*** Opening of Material to process ***

text \<open>Writing \<open>\<sigma> = [[p, z], [cnj z, q]]\<close>, positivity gives \<open>|z|\<^sup>2 \<le> p q\<close>, and the Bloch
  vector is \<open>(2 Re z, -2 Im z, p - q)\<close> with \<open>p + q = 1\<close>, so its squared norm is at most
  \<open>(p + q)\<^sup>2\<close>.\<close>
lemma norm_bloch_le_1:
  assumes "density_op \<sigma>"
  shows "norm (bloch \<sigma>) \<le> 1"
proof -
  have herm: "\<And>i j. \<sigma>$i$j = cnj (\<sigma>$j$i)"
    and psd: "\<And>x::complex^2. 0 \<le> Re (\<Sum>i\<in>UNIV. \<Sum>j\<in>UNIV. cnj (x$i) * \<sigma>$i$j * x$j)"
    and tr: "qtrace \<sigma> = 1"
    using assms unfolding density_op_def by blast+
  define p where "p = Re (\<sigma>$1$1)"
  define q where "q = Re (\<sigma>$2$2)"
  define z where "z = \<sigma>$1$2"
  have entries: "\<sigma>$1$1 = of_real p" "\<sigma>$2$2 = of_real q" "\<sigma>$2$1 = cnj z"
    using herm[of 1 1] herm[of 2 2] herm[of 2 1]
    by (simp_all add: p_def q_def z_def complex_eq_iff)
  have pq: "p + q = 1" using tr unfolding qtrace_def by (simp add: sum_2 entries complex_eq_iff)
  have form: "Re (\<Sum>i\<in>UNIV. \<Sum>j\<in>UNIV. cnj (x$i) * \<sigma>$i$j * x$j) =
      Re (cnj (x$1) * of_real p * x$1 + cnj (x$1) * z * x$2 + cnj (x$2) * cnj z * x$1
          + cnj (x$2) * of_real q * x$2)" for x :: "complex^2"
    by (simp add: sum_2 entries z_def)
  have "0 \<le> p * (p * q - (Re z)\<^sup>2 - (Im z)\<^sup>2)"
    using psd[of "\<chi> i. if i = 1 then - z else of_real p"] unfolding form
    by (simp add: algebra_simps power2_eq_square)
  moreover have "0 \<le> q * (p * q - (Re z)\<^sup>2 - (Im z)\<^sup>2)"
    using psd[of "\<chi> i. if i = 1 then of_real q else - cnj z"] unfolding form
    by (simp add: algebra_simps power2_eq_square)
  ultimately have z_le: "(Re z)\<^sup>2 + (Im z)\<^sup>2 \<le> p * q"
    using pq by (smt (verit) distrib_right mult_cancel_right2)
  have "bloch \<sigma> $ 1 = 2 * Re z" "bloch \<sigma> $ 2 = -2 * Im z" "bloch \<sigma> $ 3 = p - q"
    unfolding bloch_def qtrace_mult by (simp_all add: sum_2 entries z_def[symmetric])
  then have "(norm (bloch \<sigma>))\<^sup>2 = (2 * Re z)\<^sup>2 + (2 * Im z)\<^sup>2 + (p - q)\<^sup>2"
    unfolding power2_norm_eq_inner inner_vec_def sum_3 by (simp add: power2_eq_square)
  also have "\<dots> \<le> (p + q)\<^sup>2" using z_le by (simp add: power2_eq_square algebra_simps)
  finally show ?thesis using pq by (simp add: power_le_one_iff abs_le_square_iff)
qed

*** Close of Material to process ***

From the listing above, extract every line exactly as it stands.

text \<open>Writing \<open>\<sigma> = [[p, z], [cnj z, q]]\<close>, positivity gives \<open>|z|\<^sup>2 \<le> p q\<close>, and the Bloch
  vector is \<open>(2 Re z, -2 Im z, p - q)\<close> with \<open>p + q = 1\<close>, so its squared norm is at most
  \<open>(p + q)\<^sup>2\<close>.\<close>
lemma norm_bloch_le_1:
  assumes "density_op \<sigma>"
  shows "norm (bloch \<sigma>) \<le> 1"
proof -
  have herm: "\<And>i j. \<sigma>$i$j = cnj (\<sigma>$j$i)"
    and psd: "\<And>x::complex^2. 0 \<le> Re (\<Sum>i\<in>UNIV. \<Sum>j\<in>UNIV. cnj (x$i) * \<sigma>$i$j * x$j)"
    and tr: "qtrace \<sigma> = 1"
    using assms unfolding density_op_def by blast+
  define p where "p = Re (\<sigma>$1$1)"
  define q where "q = Re (\<sigma>$2$2)"
  define z where "z = \<sigma>$1$2"
  have entries: "\<sigma>$1$1 = of_real p" "\<sigma>$2$2 = of_real q" "\<sigma>$2$1 = cnj z"
    using herm[of 1 1] herm[of 2 2] herm[of 2 1]
    by (simp_all add: p_def q_def z_def complex_eq_iff)
  have pq: "p + q = 1" using tr unfolding qtrace_def by (simp add: sum_2 entries complex_eq_iff)
  have form: "Re (\<Sum>i\<in>UNIV. \<Sum>j\<in>UNIV. cnj (x$i) * \<sigma>$i$j * x$j) =
      Re (cnj (x$1) * of_real p * x$1 + cnj (x$1) * z * x$2 + cnj (x$2) * cnj z * x$1
          + cnj (x$2) * of_real q * x$2)" for x :: "complex^2"
    by (simp add: sum_2 entries z_def)
  have "0 \<le> p * (p * q - (Re z)\<^sup>2 - (Im z)\<^sup>2)"
    using psd[of "\<chi> i. if i = 1 then - z else of_real p"] unfolding form
    by (simp add: algebra_simps power2_eq_square)
  moreover have "0 \<le> q * (p * q - (Re z)\<^sup>2 - (Im z)\<^sup>2)"
    using psd[of "\<chi> i. if i = 1 then of_real q else - cnj z"] unfolding form
    by (simp add: algebra_simps power2_eq_square)
  ultimately have z_le: "(Re z)\<^sup>2 + (Im z)\<^sup>2 \<le> p * q"
    using pq by (smt (verit) distrib_right mult_cancel_right2)
  have "bloch \<sigma> $ 1 = 2 * Re z" "bloch \<sigma> $ 2 = -2 * Im z" "bloch \<sigma> $ 3 = p - q"
    unfolding bloch_def qtrace_mult by (simp_all add: sum_2 entries z_def[symmetric])
  then have "(norm (bloch \<sigma>))\<^sup>2 = (2 * Re z)\<^sup>2 + (2 * Im z)\<^sup>2 + (p - q)\<^sup>2"
    unfolding power2_norm_eq_inner inner_vec_def sum_3 by (simp add: power2_eq_square)
  also have "\<dots> \<le> (p + q)\<^sup>2" using z_le by (simp add: power2_eq_square algebra_simps)
  finally show ?thesis using pq by (simp add: power_le_one_iff abs_le_square_iff)
qed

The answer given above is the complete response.